In the Classic period the ruler, or k'uhul ajaw (literally, "holy lord"), occupied the most prominent and public position in the religious hierarchy. Ancient Maya kings oversaw the passage of important stations in the long count calendar, and were even symbolically equated with the time periods themselves (all period endings in the Long Count calendar fall on the day named Ajaw, which also means "lord" or "king"). On these and other occasions rulers were said to "conjure" (tzak ) the spirits of ancestors and fertility, known generically as k'awil. This process, evidently achieved through bloodletting, was among the principal royal duties, and was made possible through the kings' special ability to wield a force known as "creation and darkness" (ch'ab ak'ab ). This enigmatic term probably relates to the widespread notion that birth and creation derive from "darkness," which then came to be embodied through the procreative powers of rulers in a cosmological setting.

Other rituals recorded in ancient inscriptions seem to have been anchored to political events like accession to power and anniversaries. Important rites included ceremonial bloodletting, incense burning, and dance, and in many ways these activities overlapped and occurred in combination with one another. Formulaic prayers and orations are today key aspects of ritual performance, as they were no doubt in ancient times as well. The ancient texts are also replete with records of dedication rites for temples and other important religious monuments or spaces. The ritual activation of a temple or house was called och k'ahk,' or "fire-entering," and presumably involved the placement of censers and other ritual fires within shrines and on interior temple floors. Such rites seem to be an obvious antecedent to house dedication ceremonies found among many Maya communities in modern times.

Religious Art and Architecture

Arguably all public art produced by the ancient Maya can be considered religious or ritual art in some sense. The ubiquitous type of sculpture from Classic period was the stele, an upright stone slab or column that typically bore hieroglyphic inscriptions and a portrait of a ruler engaged in ritual activities. Stelae were usually erected in the open plazas before pyramids and platforms, and served to mark important stations in the Long Count calendar or significant events of political history.

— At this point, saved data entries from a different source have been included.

(* Let $\sigma$ satisfy Condition $O_N$. Then: (i) for $\delta_0\le\lambda<1$ and $0<r\le r_0$, the sets $L_i^r(\lambda)$ ($1\le i\le N$), $L^r(\lambda)$, $\Sigma^r(\lambda)$ and $\Sigma(1)$ are open; (ii) if $1\le k\le N$ and $0<r<s\le r_0$, then $\overline{S_k^r(\lambda)}\subset S_k^s(\lambda)$ for all $0\le\lambda\le1$, and $\overline{\Sigma^r(\lambda)}\subset\Sigma^s(\lambda)$ for all $\delta_0\le\lambda<1$; (iii) if $\Delta\subset\Sigma(1)$ is compact, then $\Delta\subset\Sigma^r(\lambda)$ for some $r\in(0,r_0)$ and $\lambda\in[\delta_0,1)$.
   Context: Wave cone: $\Gamma=\{(p\otimes a,B):p\in\mathbb R^m,\ a\in\mathbb R^n\setminus\{0\},\ B\in\mathbb R^{m\times n},\ Ba=0\}$, $p\otimes a=pa^T$. Write $\rho=(\rho^1,\rho^2)\in\mathbb R^{m\times n}\times\mathbb R^{m\times n}$; $\mathbb B_r,\bar{\mathbb B}_r$ are open/closed balls of radius $r$ about $0$. Condition $O_N$ ($N\ge2$): $\sigma\colon\mathbb R^{m\times n}\to\mathbb R^{m\times n}$ continuous with graph $\mathcal K$; there exist $r_0>0$, $0<\delta_1<\delta_2<1$ and continuous $(\kappa_i,\gamma_i)\colon\bar{\mathbb B}_{r_0}\to[1/\delta_2,1/\delta_1]\times\Gamma$ with $\sum_{i=1}^N\gamma_i\equiv0$ such that, with $\pi_1(\rho)=\rho$, $\pi_i(\rho)=\rho+\gamma_1(\rho)+\dots+\gamma_{i-1}(\rho)$, $\xi_i(\rho)=\pi_i(\rho)+\kappa_i(\rho)\gamma_i(\rho)$: (P1)(i) $\xi_i(\rho)\in\mathcal K$ on $\bar{\mathbb B}_{r_0}$; (ii) $\xi_i^1(\bar{\mathbb B}_{r_0})\cap\xi_j^1(\bar{\mathbb B}_{r_0})=\pi_i^1(\bar{\mathbb B}_{r_0})\cap\pi_j^1(\bar{\mathbb B}_{r_0})=\emptyset$ for $i\neq j$; (P2) with $S_i^r(\lambda)=\{\lambda\xi_i(\rho)+(1-\lambda)\pi_i(\rho):\rho\in\mathbb B_r\}$ ($0<r\le r_0$, $0\le\lambda\le1$), there exists $\delta_0\in(\delta_2,1)$ such that for all $0<r\le r_0$ and $\lambda\in\{0\}\cup[\delta_0,1)$ the sets $S_1^r(\lambda),\dots,S_N^r(\lambda)$ are open and pairwise disjoint. Derived sets: $L_i^r(\lambda)=\bigcup\{[\alpha,\beta]:\alpha\in S_i^r(\lambda),\beta\in S_i^r(0),\alpha-\beta\in\Gamma\}$; $L^r(\lambda)=\bigcup_iL_i^r(\lambda)$; $\Sigma^r(\lambda)=\bigcup_{\delta_0\le\lambda'\le\lambda}L^r(\lambda')$ for $\delta_0\le\lambda<1$; $\Sigma(1)=\bigcup_{\delta_0\le\lambda<1}\Sigma^{r_0}(\lambda)$. *)

theory Defs
  imports "HOL-Analysis.Analysis"
begin

text \<open>Matrices in R^{m x n} are rendered as real^'n^'m (m rows, n columns);
 the variable rho = (rho^1, rho^2) lives in the product space, with the product
 (Euclidean) norm.  Indices i range over {1..N}.\<close>

definition outer :: "real^'m \<Rightarrow> real^'n \<Rightarrow> real^'n^'m" where
  "outer p a = (\<chi> i j. p $ i * a $ j)"

definition wave_cone :: "((real^'n^'m) \<times> (real^'n^'m)) set" where
  "wave_cone = {(outer p a, B) | p a B. a \<noteq> 0 \<and> B *v a = 0}"

definition graph_of :: "(real^'n^'m \<Rightarrow> real^'n^'m) \<Rightarrow> ((real^'n^'m) \<times> (real^'n^'m)) set" where
  "graph_of \<sigma> = {(A, \<sigma> A) | A. True}"

definition pi_map :: "(nat \<Rightarrow> 'a::real_vector \<Rightarrow> 'a) \<Rightarrow> nat \<Rightarrow> 'a \<Rightarrow> 'a" where
  "pi_map \<gamma> i \<rho> = \<rho> + (\<Sum>j\<in>{1..<i}. \<gamma> j \<rho>)"

definition xi_map :: "(nat \<Rightarrow> 'a \<Rightarrow> real) \<Rightarrow> (nat \<Rightarrow> 'a::real_vector \<Rightarrow> 'a) \<Rightarrow> nat \<Rightarrow> 'a \<Rightarrow> 'a" where
  "xi_map \<kappa> \<gamma> i \<rho> = pi_map \<gamma> i \<rho> + \<kappa> i \<rho> *\<^sub>R \<gamma> i \<rho>"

Maya cities of the pre-Classic and Classic periods were dominated by large ritual structures, often in the form of imposing pyramids. The remains of the largest pyramids are also the earliest, found at ruins such as Nakbe and El Mirador in present-day northern Guatemala, and dating from about 200 bce to 200 ce. These manmade mountains are in fact some of the largest structures ever built in pre-Columbian America. Their terraces were typically decorated with massive plaster sculptures of deities and cosmological symbolism, clearly marking them as microcosmic spaces. Later Maya pyramids at centers such as Uaxactun and Tikal were likewise conceived as replicas of cosmological structures, though at smaller but still impressive scales. Structures were often dedicated to particular deities or to venerated ancestors who were buried in their centers. The temples atop pyramids were often adorned with interior paintings, sculpted stone panels, or plaster decorations. Some contained inner shrines that held effigy figures of clay or stone, and the burning of copal incense was pervasive in such sacred spaces.

Revivalism and Modern Change

The process of conquest and conversion by Europeans began in the early sixteenth century, and today, after several centuries, most Maya would consider themselves devout Christians. Yet elements of pre-Columbian belief and religion have persisted, often interwoven and tightly integrated with old traditions of "folk Catholicism." Today a core of basic beliefs still exerts a strong presence in Maya spirituality, and these vary widely among the communities of Guatemala, Belize, and Mexico. In recent years, indigenous political movements, in Guatemala in particular, have led to more open expressions of non-Christian ideas long hidden from view, as well as the appropriation of ancient ideas and symbols. Maya religion is increasingly being portrayed as a unified and unifying cosmovision and ideology, different in some ways from its Classic period expression, but with roots nonetheless in the deep pre-Columbian past.